EXERCISE GOAL
Search the records for the string "rule" and return each line that has it.

+++

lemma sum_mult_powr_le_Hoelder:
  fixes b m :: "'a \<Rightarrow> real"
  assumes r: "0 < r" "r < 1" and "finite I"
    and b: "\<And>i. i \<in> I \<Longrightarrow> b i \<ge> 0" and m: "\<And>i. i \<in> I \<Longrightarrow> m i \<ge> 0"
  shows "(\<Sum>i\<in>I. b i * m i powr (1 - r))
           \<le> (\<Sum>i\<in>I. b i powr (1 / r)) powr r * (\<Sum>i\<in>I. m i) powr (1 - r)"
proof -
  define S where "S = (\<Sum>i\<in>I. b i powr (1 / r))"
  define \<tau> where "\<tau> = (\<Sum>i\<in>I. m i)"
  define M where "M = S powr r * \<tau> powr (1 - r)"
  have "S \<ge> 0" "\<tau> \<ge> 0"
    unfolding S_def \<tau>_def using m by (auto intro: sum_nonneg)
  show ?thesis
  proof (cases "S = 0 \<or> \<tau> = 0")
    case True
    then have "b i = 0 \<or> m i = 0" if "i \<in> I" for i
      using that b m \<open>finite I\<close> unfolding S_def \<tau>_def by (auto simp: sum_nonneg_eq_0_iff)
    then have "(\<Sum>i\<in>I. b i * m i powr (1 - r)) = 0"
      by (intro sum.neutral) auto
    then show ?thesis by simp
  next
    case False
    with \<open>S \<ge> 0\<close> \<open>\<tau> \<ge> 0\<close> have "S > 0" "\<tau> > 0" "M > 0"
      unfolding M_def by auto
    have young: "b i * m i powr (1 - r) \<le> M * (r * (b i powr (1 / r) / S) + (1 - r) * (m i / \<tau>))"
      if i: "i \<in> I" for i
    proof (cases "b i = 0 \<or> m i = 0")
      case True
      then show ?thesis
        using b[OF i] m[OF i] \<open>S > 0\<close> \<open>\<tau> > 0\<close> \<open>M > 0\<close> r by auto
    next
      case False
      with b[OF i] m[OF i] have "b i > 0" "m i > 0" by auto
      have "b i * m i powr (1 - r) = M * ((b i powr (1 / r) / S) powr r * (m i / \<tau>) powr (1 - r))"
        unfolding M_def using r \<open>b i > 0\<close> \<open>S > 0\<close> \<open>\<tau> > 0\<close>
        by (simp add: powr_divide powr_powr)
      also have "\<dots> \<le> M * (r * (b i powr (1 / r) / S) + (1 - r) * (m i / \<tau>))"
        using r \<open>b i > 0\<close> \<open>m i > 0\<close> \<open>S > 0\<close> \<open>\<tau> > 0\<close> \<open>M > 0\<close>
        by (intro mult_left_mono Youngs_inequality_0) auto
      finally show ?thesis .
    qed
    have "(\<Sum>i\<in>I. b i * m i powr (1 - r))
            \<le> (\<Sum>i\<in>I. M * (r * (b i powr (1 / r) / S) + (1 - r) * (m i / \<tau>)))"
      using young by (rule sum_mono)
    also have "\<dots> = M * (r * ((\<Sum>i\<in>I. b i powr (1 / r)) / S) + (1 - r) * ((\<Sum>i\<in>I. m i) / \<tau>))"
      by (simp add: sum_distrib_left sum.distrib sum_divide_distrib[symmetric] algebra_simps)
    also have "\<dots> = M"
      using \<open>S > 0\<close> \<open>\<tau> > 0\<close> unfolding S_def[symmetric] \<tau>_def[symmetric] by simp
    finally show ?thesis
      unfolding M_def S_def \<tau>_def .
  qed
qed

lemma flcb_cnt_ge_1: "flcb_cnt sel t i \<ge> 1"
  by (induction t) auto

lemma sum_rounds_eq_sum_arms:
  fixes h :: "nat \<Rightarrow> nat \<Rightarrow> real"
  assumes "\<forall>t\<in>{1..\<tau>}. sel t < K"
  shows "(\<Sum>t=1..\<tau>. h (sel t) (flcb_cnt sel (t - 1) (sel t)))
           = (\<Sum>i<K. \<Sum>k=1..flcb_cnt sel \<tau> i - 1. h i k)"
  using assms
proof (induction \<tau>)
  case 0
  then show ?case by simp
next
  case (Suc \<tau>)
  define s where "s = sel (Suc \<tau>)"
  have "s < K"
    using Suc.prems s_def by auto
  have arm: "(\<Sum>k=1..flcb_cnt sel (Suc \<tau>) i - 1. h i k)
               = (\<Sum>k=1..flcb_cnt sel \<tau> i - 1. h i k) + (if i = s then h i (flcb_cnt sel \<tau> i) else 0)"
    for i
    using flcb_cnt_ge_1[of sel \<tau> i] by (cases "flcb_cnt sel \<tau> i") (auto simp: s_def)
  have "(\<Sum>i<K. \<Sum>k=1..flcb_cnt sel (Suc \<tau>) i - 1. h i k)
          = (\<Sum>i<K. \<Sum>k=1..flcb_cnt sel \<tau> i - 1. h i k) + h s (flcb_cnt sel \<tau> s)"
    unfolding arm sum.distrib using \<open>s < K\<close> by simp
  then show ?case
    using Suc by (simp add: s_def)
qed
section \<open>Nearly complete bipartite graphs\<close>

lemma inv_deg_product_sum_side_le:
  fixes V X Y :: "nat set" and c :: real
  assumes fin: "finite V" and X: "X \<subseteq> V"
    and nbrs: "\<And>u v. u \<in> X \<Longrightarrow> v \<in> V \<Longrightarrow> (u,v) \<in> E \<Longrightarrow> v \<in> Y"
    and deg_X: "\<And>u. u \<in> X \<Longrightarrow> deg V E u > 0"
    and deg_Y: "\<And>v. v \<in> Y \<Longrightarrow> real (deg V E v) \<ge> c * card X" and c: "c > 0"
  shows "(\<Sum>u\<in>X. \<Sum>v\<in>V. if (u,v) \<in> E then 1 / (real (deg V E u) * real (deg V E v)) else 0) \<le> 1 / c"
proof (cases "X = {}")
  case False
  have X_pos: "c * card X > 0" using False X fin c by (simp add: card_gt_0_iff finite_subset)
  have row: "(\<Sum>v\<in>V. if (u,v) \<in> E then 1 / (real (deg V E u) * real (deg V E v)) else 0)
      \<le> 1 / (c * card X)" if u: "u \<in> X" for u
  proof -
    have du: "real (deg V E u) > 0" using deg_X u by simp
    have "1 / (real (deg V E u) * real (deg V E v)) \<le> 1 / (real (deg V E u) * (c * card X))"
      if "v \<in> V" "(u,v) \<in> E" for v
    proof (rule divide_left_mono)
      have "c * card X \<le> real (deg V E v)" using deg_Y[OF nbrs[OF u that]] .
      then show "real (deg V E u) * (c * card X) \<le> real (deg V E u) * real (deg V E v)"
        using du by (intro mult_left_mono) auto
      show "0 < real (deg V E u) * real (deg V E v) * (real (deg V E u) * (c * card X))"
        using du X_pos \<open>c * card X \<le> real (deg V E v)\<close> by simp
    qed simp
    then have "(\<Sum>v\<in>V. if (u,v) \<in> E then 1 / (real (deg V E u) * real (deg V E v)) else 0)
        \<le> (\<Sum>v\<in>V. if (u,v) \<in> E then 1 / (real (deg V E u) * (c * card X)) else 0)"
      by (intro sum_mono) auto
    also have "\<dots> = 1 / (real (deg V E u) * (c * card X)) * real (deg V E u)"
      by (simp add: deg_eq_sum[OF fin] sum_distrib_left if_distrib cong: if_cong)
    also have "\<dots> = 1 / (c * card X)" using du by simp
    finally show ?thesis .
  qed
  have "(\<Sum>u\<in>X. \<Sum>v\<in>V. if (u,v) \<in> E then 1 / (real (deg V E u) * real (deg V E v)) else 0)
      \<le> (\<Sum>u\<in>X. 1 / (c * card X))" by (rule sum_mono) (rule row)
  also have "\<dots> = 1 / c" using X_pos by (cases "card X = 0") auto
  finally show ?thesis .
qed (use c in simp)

+++

ANSWER TO THIS TASK
      using young by (rule sum_mono)
    proof (rule divide_left_mono)
      \<le> (\<Sum>u\<in>X. 1 / (c * card X))" by (rule sum_mono) (rule row)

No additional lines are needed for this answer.